▶ What needs to be done: Copy whichever lines of the data hold the word "lambda".

▽

lemma equiintegrable_along_if_null:
  assumes "\<And>n. memLp p (h n)" and null: "\<And>e. 0 < e \<Longrightarrow> eventually (\<lambda>n. Lp_integral p (h n) < e) U"
  shows "equiintegrable_along p U h"
  unfolding equiintegrable_along_def
proof (intro conjI allI impI exI[of _ 1])
  fix e :: real assume "0 < e"
  show "\<forall>\<^sub>F n in U. \<forall>A\<in>sets I01. measure I01 A < 1 \<longrightarrow> Lp_integral_on A p (h n) < e"
    using null[OF \<open>0 < e\<close>] by eventually_elim (meson Lp_integral_on_le[OF assms(1)] le_less_trans)
qed (use assms(1) in auto)

lemma equiintegrable_along_up_eq:
  assumes U: "nonprincipal_ultrafilter U" and p: "0 < p" and f: "Lp_bseq p f" and g: "Lp_bseq p g"
    and "up_eq p U f g"
  shows "equiintegrable_along p U (\<lambda>n x. f n x - g n x)"
  using assms
  by (intro equiintegrable_along_if_null memLp_diff Lp_bseqD_memLp up_eq_eventually_Lp_integral_less)

lemma vanishing_support_along_lincomb:
  assumes h: "vanishing_support_along U h" and g: "vanishing_support_along U g"
  shows "vanishing_support_along U (\<lambda>n x. a * h n x + b * g n x)"
  unfolding vanishing_support_along_def
proof (intro allI impI)
  fix d :: real assume "0 < d"
  then have "\<forall>\<^sub>F n in U. \<exists>A\<in>sets I01. measure I01 A < d/2 \<and> (\<forall>x\<in>space I01. x \<notin> A \<longrightarrow> h n x = 0)"
    "\<forall>\<^sub>F n in U. \<exists>A\<in>sets I01. measure I01 A < d/2 \<and> (\<forall>x\<in>space I01. x \<notin> A \<longrightarrow> g n x = 0)"
    using h g unfolding vanishing_support_along_def by (meson half_gt_zero)+
  then show "\<forall>\<^sub>F n in U. \<exists>A\<in>sets I01. measure I01 A < d \<and>
      (\<forall>x\<in>space I01. x \<notin> A \<longrightarrow> a * h n x + b * g n x = 0)"
  proof eventually_elim
    case (elim n)
    then obtain A1 A2 where A: "A1 \<in> sets I01" "A2 \<in> sets I01" "measure I01 A1 < d/2" "measure I01 A2 < d/2"
      "\<forall>x\<in>space I01. x \<notin> A1 \<longrightarrow> h n x = 0" "\<forall>x\<in>space I01. x \<notin> A2 \<longrightarrow> g n x = 0" by blast
    have "measure I01 (A1 \<union> A2) \<le> measure I01 A1 + measure I01 A2"
      using A by (intro measure_Un_le) auto
    then show ?case using A by (intro bexI[of _ "A1 \<union> A2"]) auto
  qed
qed

lemma up_norm_eq_0_if_equiintegrable_vanishing_support:
  assumes U: "nonprincipal_ultrafilter U" and p: "0 < p"
    and EI: "equiintegrable_along p U h" and SS: "vanishing_support_along U h"
  shows "up_norm p U h = 0"
proof (rule up_norm_eq_0I[OF U p])
  fix e :: real assume "0 < e"
  then obtain d where "0 < d"
    and small: "\<forall>\<^sub>F n in U. \<forall>A\<in>sets I01. measure I01 A < d \<longrightarrow> Lp_integral_on A p (h n) < e"
    using EI unfolding equiintegrable_along_def by blast
  have supp: "\<forall>\<^sub>F n in U. \<exists>A\<in>sets I01. measure I01 A < d \<and> (\<forall>x\<in>space I01. x \<notin> A \<longrightarrow> h n x = 0)"
    using SS \<open>0 < d\<close> unfolding vanishing_support_along_def by blast
  from small supp show "\<forall>\<^sub>F n in U. Lp_integral p (h n) < e"
  proof eventually_elim
    case (elim n)
    then obtain A where "A \<in> sets I01" "measure I01 A < d" "\<forall>x\<in>space I01. x \<notin> A \<longrightarrow> h n x = 0"
      by blast
    then show ?case using elim Lp_integral_on_eq[of A "h n" p] by auto
  qed
qed

lemma up_eq_if_vanishing_support:
  assumes U: "nonprincipal_ultrafilter U" and p: "0 < p"
    and "vanishing_support_along U u" "vanishing_support_along U v"
    and "equiintegrable_along p U (\<lambda>n x. u n x - v n x)"
  shows "up_eq p U u v"
  unfolding up_eq_def
  using vanishing_support_along_lincomb[OF assms(3,4), of 1 "-1"] assms(5)
  by (intro up_norm_eq_0_if_equiintegrable_vanishing_support[OF U p]) auto

section \<open>The singular part\<close>

lemma Lp_bseq_trunc_above:
  assumes p: "0 < p" and f: "Lp_bseq p f"
  shows "Lp_bseq p (\<lambda>n. trunc_above r (f n))"
  by (rule Lp_bseq_dominated[OF p f])
    (use Lp_bseqD_memLp[OF f] p in \<open>auto intro: memLp_trunc_above Lp_integral_trunc_above_le\<close>)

△

▶ Task answer:
  assumes "\<And>n. memLp p (h n)" and null: "\<And>e. 0 < e \<Longrightarrow> eventually (\<lambda>n. Lp_integral p (h n) < e) U"
  shows "equiintegrable_along p U (\<lambda>n x. f n x - g n x)"
  shows "vanishing_support_along U (\<lambda>n x. a * h n x + b * g n x)"
    and "equiintegrable_along p U (\<lambda>n x. u n x - v n x)"
  shows "Lp_bseq p (\<lambda>n. trunc_above r (f n))"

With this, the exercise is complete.